(Collected data)
[Start of Attachment]
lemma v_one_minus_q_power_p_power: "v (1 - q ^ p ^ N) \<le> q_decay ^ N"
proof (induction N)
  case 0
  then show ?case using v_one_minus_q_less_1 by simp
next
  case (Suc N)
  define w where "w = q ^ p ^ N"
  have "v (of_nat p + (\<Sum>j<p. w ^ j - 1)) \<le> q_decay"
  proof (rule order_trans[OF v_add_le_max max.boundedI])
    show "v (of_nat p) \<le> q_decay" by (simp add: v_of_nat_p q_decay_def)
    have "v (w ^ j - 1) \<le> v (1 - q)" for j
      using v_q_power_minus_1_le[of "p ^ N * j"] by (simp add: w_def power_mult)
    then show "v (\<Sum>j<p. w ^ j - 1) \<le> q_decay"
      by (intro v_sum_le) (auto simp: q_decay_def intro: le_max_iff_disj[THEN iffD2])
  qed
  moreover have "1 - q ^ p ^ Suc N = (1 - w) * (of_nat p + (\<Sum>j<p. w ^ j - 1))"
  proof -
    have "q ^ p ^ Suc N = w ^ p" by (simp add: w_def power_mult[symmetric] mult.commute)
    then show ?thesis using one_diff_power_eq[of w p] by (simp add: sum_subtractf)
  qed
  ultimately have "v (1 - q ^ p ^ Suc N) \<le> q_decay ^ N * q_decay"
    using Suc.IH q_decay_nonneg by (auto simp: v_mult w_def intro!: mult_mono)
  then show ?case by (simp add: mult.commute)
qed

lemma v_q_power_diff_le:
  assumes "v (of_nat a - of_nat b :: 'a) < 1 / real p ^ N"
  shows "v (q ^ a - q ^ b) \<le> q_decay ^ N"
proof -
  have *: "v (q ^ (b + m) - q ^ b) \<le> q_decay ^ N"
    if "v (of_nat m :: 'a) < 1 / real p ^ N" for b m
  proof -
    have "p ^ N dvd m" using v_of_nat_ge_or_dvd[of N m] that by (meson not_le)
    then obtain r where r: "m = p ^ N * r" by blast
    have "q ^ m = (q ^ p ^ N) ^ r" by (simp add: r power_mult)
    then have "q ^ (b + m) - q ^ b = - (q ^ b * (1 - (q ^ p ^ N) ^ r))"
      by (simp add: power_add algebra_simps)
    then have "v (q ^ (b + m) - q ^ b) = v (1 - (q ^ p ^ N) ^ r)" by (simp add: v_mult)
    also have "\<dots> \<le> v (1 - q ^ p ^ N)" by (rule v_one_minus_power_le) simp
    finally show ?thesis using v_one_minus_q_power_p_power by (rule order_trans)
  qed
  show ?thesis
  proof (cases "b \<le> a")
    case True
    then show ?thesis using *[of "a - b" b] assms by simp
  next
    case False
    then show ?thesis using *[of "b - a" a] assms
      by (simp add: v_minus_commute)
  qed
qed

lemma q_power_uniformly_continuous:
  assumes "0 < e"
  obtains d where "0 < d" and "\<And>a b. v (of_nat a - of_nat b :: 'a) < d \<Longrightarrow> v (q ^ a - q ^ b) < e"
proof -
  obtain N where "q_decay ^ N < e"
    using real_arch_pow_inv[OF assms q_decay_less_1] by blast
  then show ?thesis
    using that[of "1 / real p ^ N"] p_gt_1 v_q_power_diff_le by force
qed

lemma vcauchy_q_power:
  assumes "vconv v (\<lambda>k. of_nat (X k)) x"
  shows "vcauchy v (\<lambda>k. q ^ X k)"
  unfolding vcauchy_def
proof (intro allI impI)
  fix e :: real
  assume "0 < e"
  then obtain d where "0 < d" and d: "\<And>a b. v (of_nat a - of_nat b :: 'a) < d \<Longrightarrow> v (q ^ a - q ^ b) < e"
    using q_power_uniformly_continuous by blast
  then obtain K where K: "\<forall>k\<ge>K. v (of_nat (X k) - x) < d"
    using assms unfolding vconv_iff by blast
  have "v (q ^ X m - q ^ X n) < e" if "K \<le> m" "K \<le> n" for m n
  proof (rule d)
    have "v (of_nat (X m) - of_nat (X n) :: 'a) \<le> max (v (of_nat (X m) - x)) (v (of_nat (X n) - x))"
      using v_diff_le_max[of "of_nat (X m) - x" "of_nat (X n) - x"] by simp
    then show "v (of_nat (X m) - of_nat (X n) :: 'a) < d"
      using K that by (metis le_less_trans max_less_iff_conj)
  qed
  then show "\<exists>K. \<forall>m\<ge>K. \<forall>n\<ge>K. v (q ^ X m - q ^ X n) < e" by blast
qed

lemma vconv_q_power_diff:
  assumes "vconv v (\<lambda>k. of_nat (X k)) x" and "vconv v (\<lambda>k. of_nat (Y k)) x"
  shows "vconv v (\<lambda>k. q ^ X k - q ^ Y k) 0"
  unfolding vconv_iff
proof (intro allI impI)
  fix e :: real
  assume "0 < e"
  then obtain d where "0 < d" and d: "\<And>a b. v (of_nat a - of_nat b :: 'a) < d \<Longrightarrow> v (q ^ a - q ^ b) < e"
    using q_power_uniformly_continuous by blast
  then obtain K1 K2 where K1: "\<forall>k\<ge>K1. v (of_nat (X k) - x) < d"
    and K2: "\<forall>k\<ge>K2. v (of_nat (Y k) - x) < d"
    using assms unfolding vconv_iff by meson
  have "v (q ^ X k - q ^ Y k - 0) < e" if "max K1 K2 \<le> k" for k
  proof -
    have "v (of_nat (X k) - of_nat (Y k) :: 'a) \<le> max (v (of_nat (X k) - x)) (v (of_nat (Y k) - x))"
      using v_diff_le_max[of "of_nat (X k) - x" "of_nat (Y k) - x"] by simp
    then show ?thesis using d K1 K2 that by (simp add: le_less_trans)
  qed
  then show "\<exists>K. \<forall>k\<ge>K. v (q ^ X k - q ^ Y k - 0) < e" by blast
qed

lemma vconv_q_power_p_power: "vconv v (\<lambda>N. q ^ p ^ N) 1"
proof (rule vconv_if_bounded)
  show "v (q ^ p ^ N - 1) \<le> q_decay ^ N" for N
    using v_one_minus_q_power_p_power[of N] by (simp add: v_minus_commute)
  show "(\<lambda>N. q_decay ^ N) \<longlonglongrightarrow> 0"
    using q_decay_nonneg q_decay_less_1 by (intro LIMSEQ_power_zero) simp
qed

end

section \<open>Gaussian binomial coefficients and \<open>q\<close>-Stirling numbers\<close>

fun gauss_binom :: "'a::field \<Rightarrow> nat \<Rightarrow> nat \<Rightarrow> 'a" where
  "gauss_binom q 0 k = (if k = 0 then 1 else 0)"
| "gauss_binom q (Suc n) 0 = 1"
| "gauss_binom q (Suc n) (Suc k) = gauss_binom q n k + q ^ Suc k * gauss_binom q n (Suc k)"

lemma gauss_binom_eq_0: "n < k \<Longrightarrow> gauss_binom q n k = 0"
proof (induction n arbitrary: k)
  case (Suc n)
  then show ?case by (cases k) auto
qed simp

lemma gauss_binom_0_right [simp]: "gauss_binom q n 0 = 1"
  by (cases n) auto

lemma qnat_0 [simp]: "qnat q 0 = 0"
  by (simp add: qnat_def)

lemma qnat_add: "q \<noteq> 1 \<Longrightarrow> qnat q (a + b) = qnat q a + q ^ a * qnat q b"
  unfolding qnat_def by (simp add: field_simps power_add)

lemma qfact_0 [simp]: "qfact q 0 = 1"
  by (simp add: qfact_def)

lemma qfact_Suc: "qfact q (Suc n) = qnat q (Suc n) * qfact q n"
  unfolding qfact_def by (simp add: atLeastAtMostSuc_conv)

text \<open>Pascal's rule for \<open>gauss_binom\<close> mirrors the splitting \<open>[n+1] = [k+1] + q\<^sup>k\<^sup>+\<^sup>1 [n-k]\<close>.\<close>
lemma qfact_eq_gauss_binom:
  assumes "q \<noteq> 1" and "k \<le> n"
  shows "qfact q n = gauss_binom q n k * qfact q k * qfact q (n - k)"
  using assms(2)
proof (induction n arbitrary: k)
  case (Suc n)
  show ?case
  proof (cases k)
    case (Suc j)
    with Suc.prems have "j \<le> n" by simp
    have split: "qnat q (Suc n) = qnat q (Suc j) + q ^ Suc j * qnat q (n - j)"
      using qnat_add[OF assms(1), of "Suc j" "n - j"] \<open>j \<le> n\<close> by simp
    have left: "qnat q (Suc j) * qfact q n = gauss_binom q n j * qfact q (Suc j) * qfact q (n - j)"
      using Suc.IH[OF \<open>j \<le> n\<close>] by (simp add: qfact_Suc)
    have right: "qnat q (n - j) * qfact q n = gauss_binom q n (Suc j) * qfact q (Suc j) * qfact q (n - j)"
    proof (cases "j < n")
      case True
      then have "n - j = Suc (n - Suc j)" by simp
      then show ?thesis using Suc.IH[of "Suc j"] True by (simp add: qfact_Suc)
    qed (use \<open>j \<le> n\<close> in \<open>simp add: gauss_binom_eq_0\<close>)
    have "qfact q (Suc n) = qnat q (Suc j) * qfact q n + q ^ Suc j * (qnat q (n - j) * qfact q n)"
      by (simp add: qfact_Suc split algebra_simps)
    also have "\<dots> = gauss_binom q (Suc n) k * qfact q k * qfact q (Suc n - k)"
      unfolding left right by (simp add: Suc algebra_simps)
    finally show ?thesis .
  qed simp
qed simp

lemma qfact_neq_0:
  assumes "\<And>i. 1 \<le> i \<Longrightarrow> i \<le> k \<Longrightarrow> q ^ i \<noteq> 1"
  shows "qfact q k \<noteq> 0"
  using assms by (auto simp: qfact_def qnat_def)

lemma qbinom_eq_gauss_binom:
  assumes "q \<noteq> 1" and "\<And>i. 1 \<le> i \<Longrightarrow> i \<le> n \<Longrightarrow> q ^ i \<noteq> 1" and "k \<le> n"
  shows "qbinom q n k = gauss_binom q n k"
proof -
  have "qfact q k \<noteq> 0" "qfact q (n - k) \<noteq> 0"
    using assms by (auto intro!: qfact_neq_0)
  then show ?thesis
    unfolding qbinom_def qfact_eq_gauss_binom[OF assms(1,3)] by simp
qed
[End of Attachment]
[Start of Attachment]
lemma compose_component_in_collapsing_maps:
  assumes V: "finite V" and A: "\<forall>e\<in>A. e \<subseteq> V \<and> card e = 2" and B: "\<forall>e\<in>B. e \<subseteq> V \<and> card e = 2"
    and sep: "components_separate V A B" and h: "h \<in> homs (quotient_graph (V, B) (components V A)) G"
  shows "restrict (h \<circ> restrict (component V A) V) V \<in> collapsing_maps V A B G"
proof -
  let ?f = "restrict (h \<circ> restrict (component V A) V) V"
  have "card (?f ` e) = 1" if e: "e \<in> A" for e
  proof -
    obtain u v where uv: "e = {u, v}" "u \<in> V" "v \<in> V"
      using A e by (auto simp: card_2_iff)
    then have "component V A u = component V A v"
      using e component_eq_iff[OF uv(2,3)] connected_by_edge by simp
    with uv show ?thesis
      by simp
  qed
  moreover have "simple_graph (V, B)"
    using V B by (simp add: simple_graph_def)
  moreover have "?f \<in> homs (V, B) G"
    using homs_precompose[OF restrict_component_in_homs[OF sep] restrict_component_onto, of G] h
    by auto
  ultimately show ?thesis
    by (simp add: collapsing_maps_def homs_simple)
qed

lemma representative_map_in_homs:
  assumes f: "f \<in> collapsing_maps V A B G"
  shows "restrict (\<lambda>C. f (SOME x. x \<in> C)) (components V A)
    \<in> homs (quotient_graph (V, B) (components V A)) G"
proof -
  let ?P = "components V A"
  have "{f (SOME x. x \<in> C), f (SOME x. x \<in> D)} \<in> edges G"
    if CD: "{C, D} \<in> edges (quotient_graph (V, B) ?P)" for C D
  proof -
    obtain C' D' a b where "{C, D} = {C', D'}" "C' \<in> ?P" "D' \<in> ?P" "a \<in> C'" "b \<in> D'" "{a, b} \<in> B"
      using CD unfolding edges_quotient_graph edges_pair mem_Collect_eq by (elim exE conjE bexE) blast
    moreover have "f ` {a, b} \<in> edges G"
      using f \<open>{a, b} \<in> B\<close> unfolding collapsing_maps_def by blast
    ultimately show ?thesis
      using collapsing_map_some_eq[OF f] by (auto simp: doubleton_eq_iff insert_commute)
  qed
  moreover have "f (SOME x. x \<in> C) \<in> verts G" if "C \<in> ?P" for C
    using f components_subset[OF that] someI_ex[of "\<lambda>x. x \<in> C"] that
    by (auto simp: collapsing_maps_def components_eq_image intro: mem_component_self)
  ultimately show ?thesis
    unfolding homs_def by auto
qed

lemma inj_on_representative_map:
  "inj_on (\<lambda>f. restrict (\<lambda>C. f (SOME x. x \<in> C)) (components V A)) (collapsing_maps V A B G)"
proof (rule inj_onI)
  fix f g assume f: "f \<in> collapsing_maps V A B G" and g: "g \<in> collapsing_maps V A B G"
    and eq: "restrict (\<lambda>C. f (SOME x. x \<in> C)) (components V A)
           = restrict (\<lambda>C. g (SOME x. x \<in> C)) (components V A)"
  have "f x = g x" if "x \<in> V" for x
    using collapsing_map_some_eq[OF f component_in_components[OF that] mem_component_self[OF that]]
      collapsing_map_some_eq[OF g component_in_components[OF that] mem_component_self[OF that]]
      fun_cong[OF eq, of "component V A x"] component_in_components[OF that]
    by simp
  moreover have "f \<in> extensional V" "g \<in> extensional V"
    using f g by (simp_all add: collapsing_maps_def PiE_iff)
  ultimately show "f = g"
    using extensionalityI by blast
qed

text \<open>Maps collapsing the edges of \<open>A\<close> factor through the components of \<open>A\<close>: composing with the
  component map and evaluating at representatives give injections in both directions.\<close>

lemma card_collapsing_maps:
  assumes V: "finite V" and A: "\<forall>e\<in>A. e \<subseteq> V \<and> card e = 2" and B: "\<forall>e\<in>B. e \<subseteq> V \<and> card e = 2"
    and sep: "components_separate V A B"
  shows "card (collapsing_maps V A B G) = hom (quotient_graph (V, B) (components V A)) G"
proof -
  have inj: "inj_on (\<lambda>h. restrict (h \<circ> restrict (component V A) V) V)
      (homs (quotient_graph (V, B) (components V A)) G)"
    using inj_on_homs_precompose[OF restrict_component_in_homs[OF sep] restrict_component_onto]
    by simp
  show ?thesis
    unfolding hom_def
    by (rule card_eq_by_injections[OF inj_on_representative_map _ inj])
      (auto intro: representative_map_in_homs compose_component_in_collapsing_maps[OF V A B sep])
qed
[End of Attachment]
=== WORK TASK ===
Show every line from the entries above in which "shows" appears.

=== SOLUTION BELOW ===
  shows "v (q ^ a - q ^ b) \<le> q_decay ^ N"
  shows "vcauchy v (\<lambda>k. q ^ X k)"
  shows "vconv v (\<lambda>k. q ^ X k - q ^ Y k) 0"
  shows "qfact q n = gauss_binom q n k * qfact q k * qfact q (n - k)"
  shows "qfact q k \<noteq> 0"
  shows "qbinom q n k = gauss_binom q n k"
  shows "restrict (h \<circ> restrict (component V A) V) V \<in> collapsing_maps V A B G"
  shows "restrict (\<lambda>C. f (SOME x. x \<in> C)) (components V A)
  shows "card (collapsing_maps V A B G) = hom (quotient_graph (V, B) (components V A)) G"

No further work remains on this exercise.